Abstract: Twee artikelen in dit nummer zijn gewijd aan de vertaling van Het verstoorde leven van Etty Hillesum, een bundel met dagboek- en brieffragmenten uit 1981. In het Frans en Italiaans is (nog) geen vertaling beschikbaar van de wetenschappelijke editie Etty. De nagelaten geschriften van Etty Hillesum 1941-1943 (verschenen in 1986). Pas door die uitgave van alle dagboeken en brieven die zijn overgeleverd, werd het beeld van het leven van Etty Hillesum compleet. Zowel Philippe Noble als Gerrit van Oord betogen dat er in de bestaande Italiaanse en Franse vertaling een andere Etty te lezen is dan in het origineel: Noble gaat in op zijn veranderde kijk op de tekst die hij zelf meer dan vijftien jaar geleden vertaalde (zie pagina 37-48 van dit nummer), Van Oord licht toe hoe een vertaling kan bijdragen tot mythevorming.

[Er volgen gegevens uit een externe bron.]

(* Let $\mathsf{Prop}$ be a non-empty finite set of propositions and $\mathsf{L}$ any fragment of $\mathsf{LTL}_P(\mathsf{Prop})$. For every sample $\mathcal{S}=(\mathcal{P},\mathcal{N})$ of Kripke structures in $\mathcal{T}(\mathsf{Prop})$, if there is an $\mathcal{S}$-separating $\mathsf{L}$-formula, then there is one of size at most $2^{n+1}$, where $n:=\sum_{K\in\mathcal{P}\cup\mathcal{N}}|Q_K|$.
   Context: $\mathsf{LTL}$-formulas over $\mathsf{Prop}$ are interpreted on infinite words $w$ over $2^{\mathsf{Prop}}$: $w\models p$ iff $p\in w[0]$; Boolean connectives as usual; $w\models\mathbf{X}\varphi$ iff $w[1:]\models\varphi$; $w\models\mathbf{F}\varphi$ iff $\exists j$, $w[j:]\models\varphi$; $w\models\mathbf{G}\varphi$ iff $\forall j$, $w[j:]\models\varphi$; $w\models\varphi_1\mathbf{U}\varphi_2$ iff $\exists j$, $w[j:]\models\varphi_2$ and $\forall k<j$, $w[k:]\models\varphi_1$. $\mathsf{LTL}_P(\mathsf{Prop})$ is the two-sorted logic (both sorts final) with grammar $\varphi_P::=p\mid\neg\varphi_P\mid\varphi_P\wedge\varphi_P\mid\varphi_P\vee\varphi_P$ and $\varphi::=\varphi_P\mid\varphi\wedge\varphi\mid\varphi_P\vee\varphi\mid\mathbf{X}\varphi\mid\mathbf{G}\varphi\mid\mathbf{F}\varphi_P\mid\varphi\,\mathbf{U}\,\varphi_P$; its formulas are read as $\mathsf{LTL}$-formulas. Its operators are the propositions, the sort-$P$ operators $\neg,\wedge,\vee$, and the general-sort operators $\wedge$, $\vee$ (left argument of sort $P$), $\mathbf{X},\mathbf{G},\mathbf{F}$ (argument of sort $P$), $\mathbf{U}$ (right argument of sort $P$); every sort-$P$ formula may be used where a general-sort formula is expected. A fragment is obtained by allowing only a subset of these operators. $\mathsf{sz}(\varphi)$ is the number of distinct subformulas. $\mathcal{T}(\mathsf{Prop})$: Kripke structures $K=(Q,I,\delta,P,\pi)$ with $Q=Q_K$ finite non-empty, $I\subseteq Q$ non-empty, $\delta:Q\to2^Q$ with $\delta(q)\ne\emptyset$ for all $q$, $P\subseteq\mathsf{Prop}$, $\pi:Q\to2^P$. $\mathsf{Paths}(q)$: infinite $\rho\in q\cdot Q^\omega$ with $\rho[i+1]\in\delta(\rho[i])$, read as the word $\pi(\rho[0])\pi(\rho[1])\cdots$. A state $q$ satisfies $\varphi$ if all $\rho\in\mathsf{Paths}(q)$ satisfy $\varphi$; $K\models\varphi$ if all $q\in I$ satisfy $\varphi$. A sample is a pair of finite sets of such structures; a formula is $\mathcal{S}$-separating if satisfied by all structures in $\mathcal{P}$ and by none in $\mathcal{N}$. *)

theory Defs
  imports Main
begin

Sinds het verschijnen van Etty Hillesums Diario 1941-1943 in 1985 in Italië, bestaat er in dat land onverminderd groeiende belangstelling voor het werk en de persoon van deze schrijfster; de vele publicaties, congressen en citaten uit de dagboeken getuigen hiervan. In de Italiaanse beeldvorming wordt Hillesum verheerlijkt als was zij een heilige. Er zijn aanwijzingen dat vertaalkeuzes op verschillende niveaus hiervoor verantwoordelijk zijn.
Op de eerste bladzijden van haar dagboek maakt Etty Hillesum (1914-1943) aan zichzelf duidelijk waarom zij met het schrijven ervan begint. Enerzijds stelt zij vast dat ze ‘gezegend’ is met intellectuele vaardigheden en inzichten, anderzijds dat ze met ernstige psychische problemen worstelt: een ‘geremd gemoed’ verhindert haar ‘de dingen prijs te geven, vrij uit me te laten stromen’. Een idee van de oorzaak daarvan heeft ze ook: ‘het schaamtegevoel’. Ze schrijft dat ‘iets’ diep in haar haar ‘vast in de greep houdt’. Al deze gevoelens bevatten het materiaal van haar toekomstige schrijverschap. Ze vormen een inhoud die vooralsnog maar niet ter beschikking wil komen van haar ‘heldere denken’, van het intellectuele instrumentarium waarvan zij zo graag gebruik zou maken. Een innerlijk obstakel, de zogenaamde ‘seelische Verstopfung’, belemmert haar nog een carrière als schrijfster te beginnen. Dit is de belangrijkste reden waarom zij bij Julius Spier in therapie is gegaan.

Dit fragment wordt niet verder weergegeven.